To confirm the presence of WhYV in each sample, an RT-PCR assay was designed to target the coat protein (CP) gene, using the following oligonucleotide primers. WhYV-CP-F, 5’-TCA CAC ACT AGA GCA AAG ATC ACA-3’; WhYV-CP-R: 5’-AGT ATT CTG GCT ATG ATG CTG CAA-3’. Reactions were performed in two steps, using M-MuLV reverse transcriptase and OneTaq® 2X Master Mix (New England Biolabs, Ipswich, MA, USA). Bands of the expected size (950 bp) were generated for each sample, and amplicons from W24, W25, and W26 were used for unidirectional (forward) Sanger sequencing (Inqaba Biotechnical Industries, Pretoria South Africa). The resulting sequences were 100% identical to the cognate sequences of their respective contigs.

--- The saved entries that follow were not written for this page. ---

lemma sum_abs_dual_disjoint_bumps_le:
  assumes \<phi>: "is_dual p0 \<phi>" and "0 \<le> C" and C: "\<forall>h\<in>Lip0 p0. \<bar>\<phi> h\<bar> \<le> C * lipnorm h"
    and supp: "\<And>j p. p \<notin> S j \<Longrightarrow> k j p = 0" and disj: "disjoint_family S"
    and bnd: "\<And>j p. \<bar>k j p\<bar> \<le> B"
    and J: "finite J" "\<And>j. j \<in> J \<Longrightarrow> k j \<in> Lip0 p0"
  shows "(\<Sum>j\<in>J. \<bar>\<phi> (k j)\<bar>) \<le> 2 * B * C"
proof -
  define w where "w j = (\<lambda>p. sgn (\<phi> (k j)) * k j p)" for j
  define H where "H p = (\<Sum>j\<in>J. w j p)" for p
  have wL: "w j \<in> Lip0 p0" if "j \<in> J" for j
    unfolding w_def using J(2)[OF that] by (rule Lip0_scale)
  have HL: "H \<in> Lip0 p0"
    unfolding H_def using J(1) wL by (rule Lip0_sum)
  have "\<phi> H = (\<Sum>j\<in>J. \<phi> (w j))"
    unfolding H_def using dual_sum[OF \<phi> J(1), of w] wL by blast
  also have "\<dots> = (\<Sum>j\<in>J. \<bar>\<phi> (k j)\<bar>)"
    using dual_scale[OF \<phi> J(2)] by (intro sum.cong) (auto simp: w_def sgn_if)
  finally have H_eq: "(\<Sum>j\<in>J. \<bar>\<phi> (k j)\<bar>) = \<phi> H" ..
  have H_bound: "\<bar>H p\<bar> \<le> B" for p
  proof -
    have "\<exists>j'. \<forall>j. j \<noteq> j' \<longrightarrow> p \<notin> S j"
    proof (cases "\<exists>j'. p \<in> S j'")
      case True
      then show ?thesis
        using disj by (auto simp: disjoint_family_on_def)
    qed auto
    then obtain j' where j': "\<And>j. j \<noteq> j' \<Longrightarrow> p \<notin> S j"
      by blast
    have "H p = (\<Sum>j\<in>J. if j = j' then w j' p else 0)"
      unfolding H_def using supp j' by (intro sum.cong) (auto simp: w_def)
    also have "\<dots> = (if j' \<in> J then w j' p else 0)"
      using J(1) by simp
    finally show ?thesis
      using bnd[of j' p] by (auto simp: w_def abs_mult abs_sgn_eq)
  qed
  have "lipnorm H \<le> 2 * B"
  proof (rule lipnorm_le_oscillation)
    show "0 \<le> 2 * B"
      using H_bound[of p0] by linarith
    show "\<bar>H p - H q\<bar> \<le> 2 * B" for p q
      using H_bound[of p] H_bound[of q] by arith
  qed
  have "\<phi> H \<le> C * lipnorm H"
    using C HL by (meson abs_ge_self order_trans)
  also have "\<dots> \<le> C * (2 * B)"
    using \<open>lipnorm H \<le> 2 * B\<close> \<open>0 \<le> C\<close> by (rule mult_left_mono)
  finally show ?thesis
    using H_eq by (simp add: ac_simps)
qed

lemma dual_tendsto_zero_on_disjoint_bumps:
  assumes \<phi>: "is_dual p0 \<phi>"
    and supp: "\<And>j p. p \<notin> S j \<Longrightarrow> k j p = 0" and disj: "disjoint_family S"
    and bnd: "\<And>j p. \<bar>k j p\<bar> \<le> B"
    and lip: "\<forall>\<^sub>F j in sequentially. k j \<in> Lip0 p0"
  shows "(\<lambda>j. \<phi> (k j)) \<longlonglongrightarrow> 0"
proof -
  obtain C where "0 \<le> C" and C: "\<forall>h\<in>Lip0 p0. \<bar>\<phi> h\<bar> \<le> C * lipnorm h"
    using dual_bounded[OF \<phi>] by blast
  have "finite {j. k j \<in> Lip0 p0 \<and> \<eta> \<le> \<bar>\<phi> (k j)\<bar>}" if "0 < \<eta>" for \<eta>
  proof (rule ccontr)
    define N :: nat where "N = nat \<lceil>2 * B * C / \<eta>\<rceil> + 1"
    assume "infinite {j. k j \<in> Lip0 p0 \<and> \<eta> \<le> \<bar>\<phi> (k j)\<bar>}"
    then obtain J where J: "J \<subseteq> {j. k j \<in> Lip0 p0 \<and> \<eta> \<le> \<bar>\<phi> (k j)\<bar>}" "finite J" "card J = N"
      by (meson infinite_arbitrarily_large)
    have "real N * \<eta> \<le> (\<Sum>j\<in>J. \<bar>\<phi> (k j)\<bar>)"
      using J sum_mono[of J "\<lambda>_. \<eta>" "\<lambda>j. \<bar>\<phi> (k j)\<bar>"] by auto
    also have "\<dots> \<le> 2 * B * C"
      using sum_abs_dual_disjoint_bumps_le[OF \<phi> \<open>0 \<le> C\<close> C, of S k B J] supp disj bnd J by blast
    finally have "real N * \<eta> \<le> 2 * B * C" .
    moreover have "2 * B * C / \<eta> < real N"
      unfolding N_def by linarith
    ultimately show False
      using \<open>0 < \<eta>\<close> by (simp add: divide_less_eq)
  qed
  moreover have "finite {j. k j \<notin> Lip0 p0}"
    using lip unfolding cofinite_eq_sequentially[symmetric] eventually_cofinite .
  ultimately have "finite {j. \<not> \<bar>\<phi> (k j)\<bar> < \<eta>}" if "0 < \<eta>" for \<eta>
    using that by (auto intro: finite_subset[of _ "{j. k j \<notin> Lip0 p0} \<union> {j. k j \<in> Lip0 p0 \<and> \<eta> \<le> \<bar>\<phi> (k j)\<bar>}"])
  then show ?thesis
    unfolding tendsto_iff dist_real_def cofinite_eq_sequentially[symmetric] eventually_cofinite
    by simp
qed

lemma eventually_fun_upd_arm_in_slice:
  assumes \<phi>: "is_dual p0 \<phi>" and g: "g \<in> Ball0 p0" and "c < \<phi> g"
    and aX: "\<bar>a - g (X i)\<bar> \<le> 1/2" and aY: "\<bar>a - g (Y i)\<bar> \<le> 1/2" and aq: "\<forall>q. \<bar>a - g q\<bar> \<le> 3/2"
    and s: "\<bar>s\<bar> \<le> 1/2"
  shows "\<forall>\<^sub>F j in sequentially. g(U i j := a + s, V i j := a - s) \<in> {f \<in> Ball0 p0. c < \<phi> f}"
proof -
  define G where "G j = g(U i j := a + s, V i j := a - s)" for j
  have ball: "\<forall>\<^sub>F j in sequentially. G j \<in> Ball0 p0"
    using eventually_not_on_arm[of p0 i]
    by eventually_elim (use fun_upd_arm_in_Ball0[OF g aX aY aq s] in \<open>simp add: G_def\<close>)
  have bump: "\<forall>\<^sub>F j in sequentially. (\<lambda>p. G j p - g p) \<in> Lip0 p0"
    using ball by eventually_elim (use g Ball0_subset_Lip0 Lip0_diff in blast)
  have "(\<lambda>j. \<phi> (\<lambda>p. G j p - g p)) \<longlonglongrightarrow> 0"
  proof (rule dual_tendsto_zero_on_disjoint_bumps[OF \<phi> _ _ _ bump])
    show "\<And>j p. p \<notin> {U i j, V i j} \<Longrightarrow> G j p - g p = 0"
      by (simp add: G_def)
    show "disjoint_family (\<lambda>j. {U i j, V i j})"
      by (auto simp: disjoint_family_on_def)
    have "\<bar>a + s - g q\<bar> \<le> 2" for q
      using aq[rule_format, of q] s by arith
    moreover have "\<bar>a - s - g q\<bar> \<le> 2" for q
      using aq[rule_format, of q] s by arith
    ultimately show "\<And>j p. \<bar>G j p - g p\<bar> \<le> 2"
      by (simp add: G_def)
  qed
  then have "\<forall>\<^sub>F j in sequentially. \<phi> (\<lambda>p. G j p - g p) > c - \<phi> g"
    using \<open>c < \<phi> g\<close> by (intro order_tendstoD) auto
  with ball bump have "\<forall>\<^sub>F j in sequentially. G j \<in> {f \<in> Ball0 p0. c < \<phi> f}"
    by eventually_elim (use dual_diff[OF \<phi> _ Ball0_subset_Lip0[THEN subsetD, OF g]]
        Ball0_subset_Lip0 in fastforce)
  then show ?thesis
    by (simp add: G_def)
qed

lemma diam0_slice_eq_2:
  assumes \<phi>: "is_dual p0 \<phi>" and g: "g \<in> Ball0 p0"
    and arm: "\<bar>g (X i) - g (Y i)\<bar> \<le> 1" and "c < \<phi> g"
  shows "diam0 {f \<in> Ball0 p0. c < \<phi> f} = 2"
proof -
  obtain a where aX: "\<bar>a - g (X i)\<bar> \<le> 1/2" and aY: "\<bar>a - g (Y i)\<bar> \<le> 1/2"
    and aq: "\<forall>q. \<bar>a - g q\<bar> \<le> 3/2"
    using exists_arm_midvalue[OF g arm] by blast
  let ?G = "\<lambda>s j. g(U i j := a + s, V i j := a - s)"
  have in_slice: "\<forall>\<^sub>F j in sequentially. ?G s j \<in> {f \<in> Ball0 p0. c < \<phi> f}" if "\<bar>s\<bar> \<le> 1/2" for s
    using eventually_fun_upd_arm_in_slice[OF \<phi> g \<open>c < \<phi> g\<close> aX aY aq that] .
  have "\<forall>\<^sub>F j in sequentially.
      ?G (1/2) j \<in> {f \<in> Ball0 p0. c < \<phi> f} \<and> ?G (-1/2) j \<in> {f \<in> Ball0 p0. c < \<phi> f}"
    by (intro eventually_conj in_slice) simp_all
  then obtain j where plus: "?G (1/2) j \<in> {f \<in> Ball0 p0. c < \<phi> f}"
    and minus: "?G (-1/2) j \<in> {f \<in> Ball0 p0. c < \<phi> f}"
    using eventually_happens'[OF sequentially_bot] by blast
  show ?thesis
    by (rule diam0_eq_2[OF _ plus minus, of p0 "U i j" "V i j"]) (auto simp: d_U)
qed

lemma LD2P_holds: "LD2P p0"
  unfolding LD2P_def
proof (intro allI impI, elim conjE)
  fix \<phi> and \<alpha> :: real
  assume \<phi>: "is_dual p0 \<phi>" and "dualnorm p0 \<phi> = 1" and "0 < \<alpha>"
  then obtain f where "f \<in> Ball0 p0" and "1 - \<alpha> < \<phi> f"
    using exists_Ball0_dual_gt by blast
  then obtain g where g: "g \<in> Ball0 p0" "\<forall>p. g p \<in> \<int>" and "1 - \<alpha> < \<phi> g"
    using exists_integer_valued_dual_gt[OF \<phi>, of f "\<phi> f - (1 - \<alpha>)"] by auto
  obtain i where "\<bar>g (X i) - g (Y i)\<bar> \<le> 1"
    using integer_valued_short_arm[OF g] by blast
  then show "diam0 {f \<in> Ball0 p0. 1 - \<alpha> < \<phi> f} = 2"
    using diam0_slice_eq_2[OF \<phi> g(1)] \<open>1 - \<alpha> < \<phi> g\<close> by blast
qed

theorem mainTheorem17:
  fixes p0 :: pt
  shows "LD2P p0 \<and> \<not> wstar_D2P p0 \<and> \<not> D2P p0"
proof -
  have evals_Free: "(\<lambda>q f. f q) ` nodes \<subseteq> Free p0"
    using eval_in_Free by blast
  then have evals_dual: "(\<lambda>q f. f q) ` nodes \<subseteq> {\<phi>. is_dual p0 \<phi>}"
    by (auto simp: Free_def)
  obtain W where "rel_open_in_ball p0 (Free p0) W" "W \<noteq> {}" "diam0 W < 2"
    using exists_rel_open_diam0_lt_2[OF evals_Free] by blast
  then have "\<not> wstar_D2P p0"
    unfolding wstar_D2P_def by auto
  moreover obtain W' where "rel_open_in_ball p0 {\<phi>. is_dual p0 \<phi>} W'" "W' \<noteq> {}" "diam0 W' < 2"
    using exists_rel_open_diam0_lt_2[OF evals_dual] by blast
  then have "\<not> D2P p0"
    unfolding D2P_def by auto
  ultimately show ?thesis
    using LD2P_holds by blast
qed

The sequences of the terminal nucleotides of WhYV genome segments were confirmed for both the viral (vRNA) and complementary RNA (vcRNA), using a 3’ RACE System for Rapid Amplification of cDNA Ends (Life Technologies, Carlsbad, CA, USA), according to the manufacturer's specifications. The following gene-specific primers were used: segment 1, vRNA (5’-ATC AAG TTG CAT GGA GTG GTC AAG-3’) and vcRNA (5’-TCA CAA AGC TCA GAG ACA CAG AGC-3’); segment 2, vRNA (5’-TGG ATG TAA GGG TAG TAC TGG ATT G-3’) and vcRNA (5’-CAA CAT TGT GTG ACA AGG GAA TCT C-3’); segment 3, vRNA (5’-GCC AGT TCC TCT GAC ATA TCT CAT-3’) and vcRNA (5’-CTC CCA CTA ATA GGT GGC TTA TCT G-3’), segment 4, vRNA (5’-GAG CCT TGA CAG AGT AGT CCT GT-3’) and vcRNA (5’-TCT CTG CCT TGG CCA TCT TTA CGA-3’). Total RNA from sample W26 was polyadenylated using E. coli poly(A) polymerase (New England Biolabs, Ipswich, MA, USA) prior to performing RACE. The RACE amplicons were sequenced by the Sanger method. The complete sequence of each genome segment confirmed the presence of inverted complementarity in the terminal nucleotides of each segment. This is typical of all segmented negative-stranded RNA viruses [15] and leads to the formation of panhandle structures that act as promoters for replication and transcription [5].

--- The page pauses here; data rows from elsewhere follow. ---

lemma bounded_free_energy_sublevel:
  assumes p: "pos_vec p" and q: "\<And>i. 0 \<le> q i" "\<And>i. \<tau>d i = 0 \<Longrightarrow> q i = 0"
  shows "bounded {\<mu>. free_energy (p + (\<Sum>i\<in>UNIV. q i *\<^sub>R y i)) \<mu> \<le> c}"
proof -
  define r where "r i = \<kappa> i * \<tau>d i * mpow xb (y i)" for i
  define h where "h j s = xb $ j * exp s - p $ j * s" for j s
  define k where "k i s = r i * exp s - q i * s" for i s
  have xb: "0 < xb $ j" and pj: "0 < p $ j" for j
    using pos_vec_xb p by (auto simp: pos_vec_def)
  have r: "0 \<le> r i" "r i = 0 \<Longrightarrow> q i = 0" for i
    using rate_pos[of i] delay_nonneg[of i] mpow_pos[OF pos_vec_xb, of "y i"] q(2)[of i]
    by (auto simp: r_def)
  have "\<mu> \<bullet> (p + (\<Sum>i\<in>UNIV. q i *\<^sub>R y i)) = (\<Sum>j\<in>UNIV. p $ j * \<mu> $ j) + (\<Sum>i\<in>UNIV. q i * (y i \<bullet> \<mu>))"
    for \<mu>
    by (simp add: inner_add_right inner_sum_right inner_commute) (simp add: inner_vec_def mult.commute)
  then have split: "free_energy (p + (\<Sum>i\<in>UNIV. q i *\<^sub>R y i)) \<mu>
      = (\<Sum>j\<in>UNIV. h j (\<mu> $ j)) + (\<Sum>i\<in>UNIV. k i (y i \<bullet> \<mu>))" for \<mu>
    by (simp add: free_energy_def h_def k_def r_def sum_subtractf)
  have "\<exists>D. \<forall>s. D \<le> h j s" for j
    using exp_minus_linear_bounded_below[of "xb $ j" "p $ j"] xb[of j] pj[of j]
    unfolding h_def by (auto simp: less_imp_le)
  then obtain Dh where Dh: "\<And>j s. Dh j \<le> h j s" by metis
  have "\<exists>D. \<forall>s. D \<le> k i s" for i
    using exp_minus_linear_bounded_below[OF r(1) q(1) r(2)] unfolding k_def .
  then obtain Dk where Dk: "\<And>i s. Dk i \<le> k i s" by metis
  define K where "K j = c - sum Dk UNIV - sum Dh UNIV + Dh j" for j
  have "\<exists>b. \<forall>s. h j s \<le> K j \<longrightarrow> \<bar>s\<bar> \<le> b" for j
    using exp_minus_linear_sublevel_bounded[OF xb pj] unfolding h_def .
  then obtain B where B: "\<And>j s. h j s \<le> K j \<Longrightarrow> \<bar>s\<bar> \<le> B j" by metis
  have "\<bar>\<mu> $ j\<bar> \<le> B j" if "free_energy (p + (\<Sum>i\<in>UNIV. q i *\<^sub>R y i)) \<mu> \<le> c" for \<mu> j
  proof -
    have "sum Dk UNIV \<le> (\<Sum>i\<in>UNIV. k i (y i \<bullet> \<mu>))" by (rule sum_mono) (rule Dk)
    moreover have "h j (\<mu> $ j) - Dh j \<le> (\<Sum>l\<in>UNIV. h l (\<mu> $ l) - Dh l)"
      by (rule member_le_sum) (auto simp: Dh)
    ultimately have "h j (\<mu> $ j) \<le> K j"
      using that split[of \<mu>] by (simp add: K_def sum_subtractf)
    then show ?thesis by (rule B)
  qed
  then show ?thesis
    by (intro boundedI[where B = "sum B UNIV"])
      (auto intro: order_trans[OF norm_le_l1_cart sum_mono])
qed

Complementarity was observed in the terminal 18 nucleotides of segments 1, 3, and 4 and the terminal 17 nucleotides of segment 2. The lengths of the complementary sequences is comparable with those of RSV [22], and the terminal sequences are completely conserved between RSV and WhYV in segments 2, 3, and 4 and have only two mismatches in segment 1. A mismatched cytosine residue was consistently observed in all segments at the 11th position, which has also been reported for RSV [22]. The terminal 10 nucleotides are completely conserved among the 5’ ends of all segments and the 3’ends of segments 2, 3, and 4, with the sequence ACACAAAGUC. Segment 1 has the sequence ACACAUAGUC at the 5’ end, with a single nucleotide mismatch at position 6 (underlined). This mismatch has also been reported in RSV genomes has been suggested to be involved in replicative or transcriptional control [22].

Phylogenetic analysis indicated that WhYV clusters with other grass-infecting tenuiviruses, and most closely with RSV when comparing the polymerase genes and all four genome segments. This is corroborated by AAI values for each gene product, as well as the fact that RSV and WhYV each have four genome segments and sequence conservation in the terminal nucleotides. Despite this clear relationship between the two viruses, WhYV is distinct from RSV, based on current species demarcation thresholds, as well as the fact that WhYV infects a host other than rice. The high levels of sequence similarity among the eight viruses sequenced in this study hint at a recent introduction of the virus into the country, although many more populations need to be characterized to confirm this. There is also very little data available regarding the distribution and diversity of delphacid leafhoppers in South Africa, and therefore, no connections can be made regarding a putative vector, although this will form part of ongoing research.